Il affirme que le dossier de son «client» - qui a bénéficié de l'aide juridique pour défendre sa cause - était sans tache. «Mais les demandes d'asile provenant du Mexique sont davantage scrutées à la loupe, précise son avocat. Il y a eu, dans le passé, des abus qui nuisent maintenant aux vrais demandeurs d'asile.»

Une poignée de dollars

Quand il a pris l'avion d'Aeroméxico, à Montréal-Trudeau, à destination de Mexico, Teo avait un peu plus de 200 $ dans ses poches. Ces billets verts lui avaient été donnés par une connaissance, touchée par sa situation. Une des agences pour lesquelles il avait travaillé, une semaine avant son départ, ne lui avait pas encore versé son salaire.

«J'ai besoin de cet argent pour payer de vieilles dettes au Mexique, et pour payer mon transport une fois rendu dans mon pays d'origine», avait-il alors confié à La Presse.

Il était déjà de retour au Mexique quand le patron de l'agence a finalement remis l'argent - qu'il devait à ce travailleur d'infortune - à une des connaissances de Teo, qui avait promis de le lui acheminer.

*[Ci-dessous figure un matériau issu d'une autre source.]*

lemma tauberian:
  fixes a b Da Db :: "nat \<Rightarrow> real" and th c K :: real
  assumes a0: "\<And>n. a n \<ge> 0" and b0: "\<And>n. b n \<ge> 0"
    and asum: "\<And>t. 0 \<le> t \<Longrightarrow> t < 1 \<Longrightarrow> summable (\<lambda>n. a n * t ^ n)"
    and bsum: "\<And>t. 0 \<le> t \<Longrightarrow> t < 1 \<Longrightarrow> summable (\<lambda>n. b n * t ^ n)"
    and Dapos: "\<forall>\<^sub>F N in sequentially. Da N > 0" and Dbpos: "\<forall>\<^sub>F N in sequentially. Db N > 0"
    and lap_a: "\<And>k. (\<lambda>N. (\<Sum>n. a n * exp (-(real k + 1) / real N) ^ n) / Da N) \<longlonglongrightarrow> (real k + 1) powr (- th)"
    and lap_b: "\<And>k. (\<lambda>N. (\<Sum>n. b n * exp (-(real k + 1) / real N) ^ n) / Db N) \<longlonglongrightarrow> (real k + 1) powr (- th)"
    and b_sums: "(\<lambda>N. (\<Sum>n\<le>N. b n) / Db N) \<longlonglongrightarrow> c"
    and win: "\<forall>\<^sub>F N in sequentially. \<forall>\<delta>. 0 < \<delta> \<and> \<delta> \<le> 1/2 \<longrightarrow>
       (\<Sum>n\<in>window N \<delta>. b n) \<le> K * (\<delta> + 1 / real N) * Db N"
  shows "(\<lambda>N. (\<Sum>n\<le>N. a n) / Da N) \<longlonglongrightarrow> c"
proof (rule tendstoI)
  fix \<epsilon> :: real assume \<epsilon>: "\<epsilon> > 0"
  define \<eta> \<delta> where "\<eta> = \<epsilon> / 16" and "\<delta> = min (1/2) (\<epsilon> / (4 * (\<bar>K\<bar> + 1)))"
  have \<eta>0: "\<eta> > 0" and \<delta>0: "0 < \<delta>" "\<delta> \<le> 1/2" unfolding \<eta>_def \<delta>_def using \<epsilon> by (auto simp: min_def)
  have "\<bar>K\<bar> * \<delta> \<le> \<bar>K\<bar> * (\<epsilon> / (4 * (\<bar>K\<bar> + 1)))" unfolding \<delta>_def by (intro mult_left_mono) auto
  also have "\<dots> \<le> (\<bar>K\<bar> + 1) * (\<epsilon> / (4 * (\<bar>K\<bar> + 1)))" using \<epsilon> by (intro mult_right_mono) auto
  also have "\<dots> = \<epsilon> / 4" by (simp add: field_simps)
  finally have small: "4 * \<eta> + \<bar>K\<bar> * \<delta> \<le> \<epsilon> / 2" unfolding \<eta>_def by simp
  obtain q m' p m where
    below: "\<And>x. x \<in> {0..1} \<Longrightarrow> (\<Sum>k\<le>m'. q k * x ^ Suc k) \<le> (if exp (-1) \<le> x then 1 else 0)" and
    above: "\<And>x. x \<in> {0..1} \<Longrightarrow> (if exp (-1) \<le> x then 1 else 0) \<le> (\<Sum>k\<le>m. p k * x ^ Suc k)" and
    gap: "\<And>x. x \<in> {0..1} \<Longrightarrow> (\<Sum>k\<le>m. p k * x ^ Suc k) - (\<Sum>k\<le>m'. q k * x ^ Suc k)
        \<le> 4 * \<eta> * x + (if exp (-1-\<delta>) < x \<and> x < exp (-1+\<delta>) then 1 else 0)"
    by (rule indicator_poly_sandwich[OF \<eta>0 \<delta>0(1)]) (rule that)
  define \<mu>p \<mu>q where "\<mu>p = (\<Sum>k\<le>m. p k * (real k + 1) powr (- th))"
    and "\<mu>q = (\<Sum>k\<le>m'. q k * (real k + 1) powr (- th))"
  have LPa: "(\<lambda>N. poly_laplace a p m N / Da N) \<longlonglongrightarrow> \<mu>p"
    unfolding \<mu>p_def by (rule poly_laplace_lim[OF asum lap_a])
  have LQa: "(\<lambda>N. poly_laplace a q m' N / Da N) \<longlonglongrightarrow> \<mu>q"
    unfolding \<mu>q_def by (rule poly_laplace_lim[OF asum lap_a])
  have LPb: "(\<lambda>N. poly_laplace b p m N / Db N) \<longlonglongrightarrow> \<mu>p"
    unfolding \<mu>p_def by (rule poly_laplace_lim[OF bsum lap_b])
  have LQb: "(\<lambda>N. poly_laplace b q m' N / Db N) \<longlonglongrightarrow> \<mu>q"
    unfolding \<mu>q_def by (rule poly_laplace_lim[OF bsum lap_b])
  note bracket = poly_laplace_bracket[OF b0 bsum Dbpos below above LPb LQb b_sums]
  have width: "\<mu>p - \<mu>q \<le> 4 * \<eta> + \<bar>K\<bar> * \<delta>"
  proof (rule poly_laplace_gap_limit[OF b0 bsum Dbpos _ \<delta>0(1) _ gap LPb LQb])
    show "(\<lambda>N. (\<Sum>n. b n * exp (- 1 / real N) ^ n) / Db N) \<longlonglongrightarrow> 1" using lap_b[of 0] by simp
    show "\<forall>\<^sub>F N in sequentially. (\<Sum>n\<in>window N \<delta>. b n) \<le> K * (\<delta> + 1 / real N) * Db N"
      using win by (rule eventually_mono) (use \<delta>0 in blast)
  qed
  have evP: "\<forall>\<^sub>F N in sequentially. poly_laplace a p m N / Da N < \<mu>p + \<epsilon> / 4"
    using LPa \<epsilon> by (intro order_tendstoD) auto
  have evQ: "\<forall>\<^sub>F N in sequentially. poly_laplace a q m' N / Da N > \<mu>q - \<epsilon> / 4"
    using LQa \<epsilon> by (intro order_tendstoD) auto
  have "\<forall>\<^sub>F N in sequentially. poly_laplace a q m' N / Da N \<le> (\<Sum>n\<le>N. a n) / Da N
      \<and> (\<Sum>n\<le>N. a n) / Da N \<le> poly_laplace a p m N / Da N"
    using Dapos eventually_gt_at_top[of 0]
    by eventually_elim (auto intro!: divide_right_mono poly_laplace_le_partial_sum[OF a0 asum _ below]
                                     partial_sum_le_poly_laplace[OF a0 asum _ above])
  then show "\<forall>\<^sub>F N in sequentially. dist ((\<Sum>n\<le>N. a n) / Da N) c < \<epsilon>"
    using evP evQ by eventually_elim (use bracket width small in \<open>auto simp: dist_real_def abs_less_iff\<close>)
qed

section \<open>The ratio \<open>N h\<^sub>N / \<Sum>\<^sub>n\<^sub>\<le>\<^sub>N h\<^sub>n\<close>\<close>

text \<open>One term of the convolution: either \<open>N - j \<ge> J\<close>, or \<open>j > N/2\<close> and \<open>h\<^sub>j\<close> is small.\<close>
lemma hrec_ratio_term_bound:
  assumes w0: "\<And>j. j \<ge> 1 \<Longrightarrow> w j \<ge> 0" and wM: "\<And>j. j \<ge> 1 \<Longrightarrow> w j \<le> M"
    and C: "\<And>j. j \<ge> 1 \<Longrightarrow> \<bar>w j - th\<bar> \<le> C"
    and J: "\<And>j. j \<ge> J \<Longrightarrow> \<bar>w j - th\<bar> \<le> e" "J \<ge> 1" and N: "N \<ge> 2 * J" and j: "j < N"
  shows "\<bar>(w (N - j) - th) * hrec w j\<bar>
    \<le> e * hrec w j + (if N - J \<le> j then C * (2 * M * hpsum w N / real N) else 0)"
proof (cases "N - J \<le> j")
  case True
  have M0: "M \<ge> 0" using w0[of 1] wM[of 1] by simp
  have C0: "C \<ge> 0" using C[of 1] by simp
  have h0: "hrec w j \<ge> 0" by (rule hrec_nonneg[OF w0])
  have j1: "1 \<le> j" using True N J(2) by linarith
  have Np: "real N > 0" using j by simp
  have "\<bar>(w (N - j) - th) * hrec w j\<bar> \<le> C * hrec w j"
    using C[of "N - j"] j h0 by (simp add: abs_mult mult_right_mono)
  also have "\<dots> \<le> C * (2 * M * hpsum w N / real N)"
  proof (rule mult_left_mono[OF _ C0])
    have "hrec w j \<le> M * hpsum w N / real j" using hrec_le_hpsum[of w M j N, OF w0 wM j1] j by simp
    also have "\<dots> \<le> M * hpsum w N / (real N / 2)"
      using True N j1 M0 Np hpsum_ge_1[of w N, OF w0] by (intro divide_left_mono) auto
    finally show "hrec w j \<le> 2 * M * hpsum w N / real N" by (simp add: field_simps)
  qed
  finally have "\<bar>(w (N - j) - th) * hrec w j\<bar> \<le> C * (2 * M * hpsum w N / real N)" .
  moreover have "0 \<le> e * hrec w j" using J(1)[of J] h0 by simp
  ultimately show ?thesis using True by simp
next
  case False
  have h0: "hrec w j \<ge> 0" by (rule hrec_nonneg[OF w0])
  have "\<bar>w (N - j) - th\<bar> * hrec w j \<le> e * hrec w j" using J(1)[of "N - j"] h0 False
    by (intro mult_right_mono) auto
  then show ?thesis using False h0 by (simp add: abs_mult)
qed

text \<open>From \<open>N h\<^sub>N = \<Sum>\<^sub>j\<^sub><\<^sub>N w\<^sub>N\<^sub>-\<^sub>j h\<^sub>j\<close>: the terms with \<open>N - j \<ge> J\<close> have \<open>w\<^sub>N\<^sub>-\<^sub>j\<close> within \<open>e\<close>
  of \<open>\<theta>\<close>, and the at most \<open>J\<close> remaining terms are each \<open>O(\<Sum>\<^sub>n\<^sub>\<le>\<^sub>N h\<^sub>n / N)\<close>.\<close>
lemma hrec_ratio_error:
  assumes w0: "\<And>j. j \<ge> 1 \<Longrightarrow> w j \<ge> 0" and wM: "\<And>j. j \<ge> 1 \<Longrightarrow> w j \<le> M"
    and C: "\<And>j. j \<ge> 1 \<Longrightarrow> \<bar>w j - th\<bar> \<le> C" and th: "th \<ge> 0"
    and J: "\<And>j. j \<ge> J \<Longrightarrow> \<bar>w j - th\<bar> \<le> e" "J \<ge> 1" and N: "N \<ge> 2 * J"
  shows "\<bar>real N * hrec w N - th * hpsum w N\<bar> \<le> (e + (2 * real J * C * M + th * M) / real N) * hpsum w N"
proof -
  define H where "H = hpsum w N"
  have e0: "e \<ge> 0" using J(1)[of J] by simp
  have h0: "hrec w j \<ge> 0" for j by (rule hrec_nonneg[OF w0])
  have N1: "N \<ge> 1" and Np: "real N > 0" using N J(2) by auto
  have split: "th * H = (\<Sum>j<N. th * hrec w j) + th * hrec w N"
    unfolding H_def hpsum_def by (simp add: lessThan_Suc_atMost[symmetric] sum_distrib_left distrib_left)
  have diff: "real N * hrec w N - th * H = (\<Sum>j<N. (w (N - j) - th) * hrec w j) - th * hrec w N"
    unfolding hrec_convolution[OF N1] split by (simp add: sum_subtractf left_diff_distrib)
  have each: "\<bar>(w (N - j) - th) * hrec w j\<bar> \<le> e * hrec w j + (if N - J \<le> j then C * (2 * M * H / real N) else 0)"
    if "j < N" for j
    unfolding H_def by (rule hrec_ratio_term_bound[OF w0 wM C J N that])
  have "\<bar>\<Sum>j<N. (w (N - j) - th) * hrec w j\<bar>
      \<le> (\<Sum>j<N. e * hrec w j + (if N - J \<le> j then C * (2 * M * H / real N) else 0))"
    by (rule order_trans[OF sum_abs sum_mono]) (use each in auto)
  also have "\<dots> = e * (\<Sum>j<N. hrec w j) + real J * (C * (2 * M * H / real N))"
  proof -
    have "{..<N} \<inter> {j. N - J \<le> j} = {N - J..<N}" by auto
    then have "(\<Sum>j<N. (if N - J \<le> j then C * (2 * M * H / real N) else 0)) = real J * (C * (2 * M * H / real N))"
      using N by (simp add: sum.If_cases)
    then show ?thesis by (simp add: sum.distrib sum_distrib_left)
  qed
  also have "\<dots> \<le> e * H + real J * (C * (2 * M * H / real N))"
  proof -
    have "(\<Sum>j<N. hrec w j) \<le> H" unfolding H_def hpsum_def using h0 by (intro sum_mono2) auto
    then show ?thesis using e0 by (simp add: mult_left_mono)
  qed
  finally have A: "\<bar>\<Sum>j<N. (w (N - j) - th) * hrec w j\<bar> \<le> e * H + real J * (C * (2 * M * H / real N))" .
  have B: "th * hrec w N \<le> th * (M * H / real N)"
    using hrec_le_hpsum[of w M N N, OF w0 wM N1] th unfolding H_def by (intro mult_left_mono) auto
  have "\<bar>real N * hrec w N - th * H\<bar> \<le> e * H + real J * (C * (2 * M * H / real N)) + th * (M * H / real N)"
    unfolding diff using A B th h0[of N] by (smt (verit) mult_nonneg_nonneg)
  also have "\<dots> = (e + (2 * real J * C * M + th * M) / real N) * H" using Np by (simp add: field_simps)
  finally show ?thesis unfolding H_def .
qed

lemma hrec_ratio_limit:
  assumes w0: "\<And>j. j \<ge> 1 \<Longrightarrow> w j \<ge> 0" and wM: "\<And>j. j \<ge> 1 \<Longrightarrow> w j \<le> M"
    and lim: "w \<longlonglongrightarrow> th" and th: "th > 0"
  shows "(\<lambda>N. real N * hrec w N / hpsum w N) \<longlonglongrightarrow> th"
proof (rule tendstoI)
  fix \<epsilon> :: real assume \<epsilon>: "\<epsilon> > 0"
  have C: "\<bar>w j - th\<bar> \<le> M + th" if "j \<ge> 1" for j using w0[OF that] wM[OF that] th by auto
  have "\<forall>\<^sub>F j in sequentially. dist (w j) th < \<epsilon> / 2" using lim \<epsilon> by (intro tendstoD) auto
  then obtain J0 where J0: "\<And>j. j \<ge> J0 \<Longrightarrow> \<bar>w j - th\<bar> < \<epsilon> / 2"
    by (auto simp: eventually_sequentially dist_real_def)
  define J B where "J = Suc J0" and "B = 2 * real J * (M + th) * M + th * M"
  have J: "\<And>j. j \<ge> J \<Longrightarrow> \<bar>w j - th\<bar> \<le> \<epsilon> / 2" "J \<ge> 1" using J0 unfolding J_def by (auto intro: less_imp_le)
  have "(\<lambda>N. B / real N) \<longlonglongrightarrow> 0" by (rule lim_const_over_n)
  then have "\<forall>\<^sub>F N in sequentially. B / real N < \<epsilon> / 2" using \<epsilon> by (intro order_tendstoD) auto
  then show "\<forall>\<^sub>F N in sequentially. dist (real N * hrec w N / hpsum w N) th < \<epsilon>"
    using eventually_ge_at_top[of "2 * J"]
  proof eventually_elim
    case (elim N)
    have HN: "hpsum w N > 0" using hpsum_ge_1[of w, OF w0] by (smt (verit))
    have "\<bar>real N * hrec w N - th * hpsum w N\<bar> \<le> (\<epsilon> / 2 + B / real N) * hpsum w N"
      unfolding B_def by (rule hrec_ratio_error[OF w0 wM C less_imp_le[OF th] J elim(2)])
    then have "\<bar>real N * hrec w N / hpsum w N - th\<bar> \<le> \<epsilon> / 2 + B / real N"
      using HN by (simp add: field_simps abs_div_pos[symmetric] divide_le_eq)
    then show ?case using elim(1) unfolding dist_real_def by linarith
  qed
qed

Il aurait voulu rester à Montréal.

«J'ai aimé votre ville, je m'y suis senti bien accueilli, dit-il. Mais je n'ai pas réussi à convaincre les gens de l'Immigration qui m'ont demandé pourquoi j'étais venu ici.»

Il ajoute: «J'ai voulu leur dire que je fuyais la violence dans mon pays et ils m'ont répondu que j'aurais pu aller vivre dans un autre État moins violent.»

Il n'est pas retourné à Ciudad Juárez.

Pour sa sécurité, il n'a pas voulu nous dire où il tentera de refaire sa vie. Encore une fois.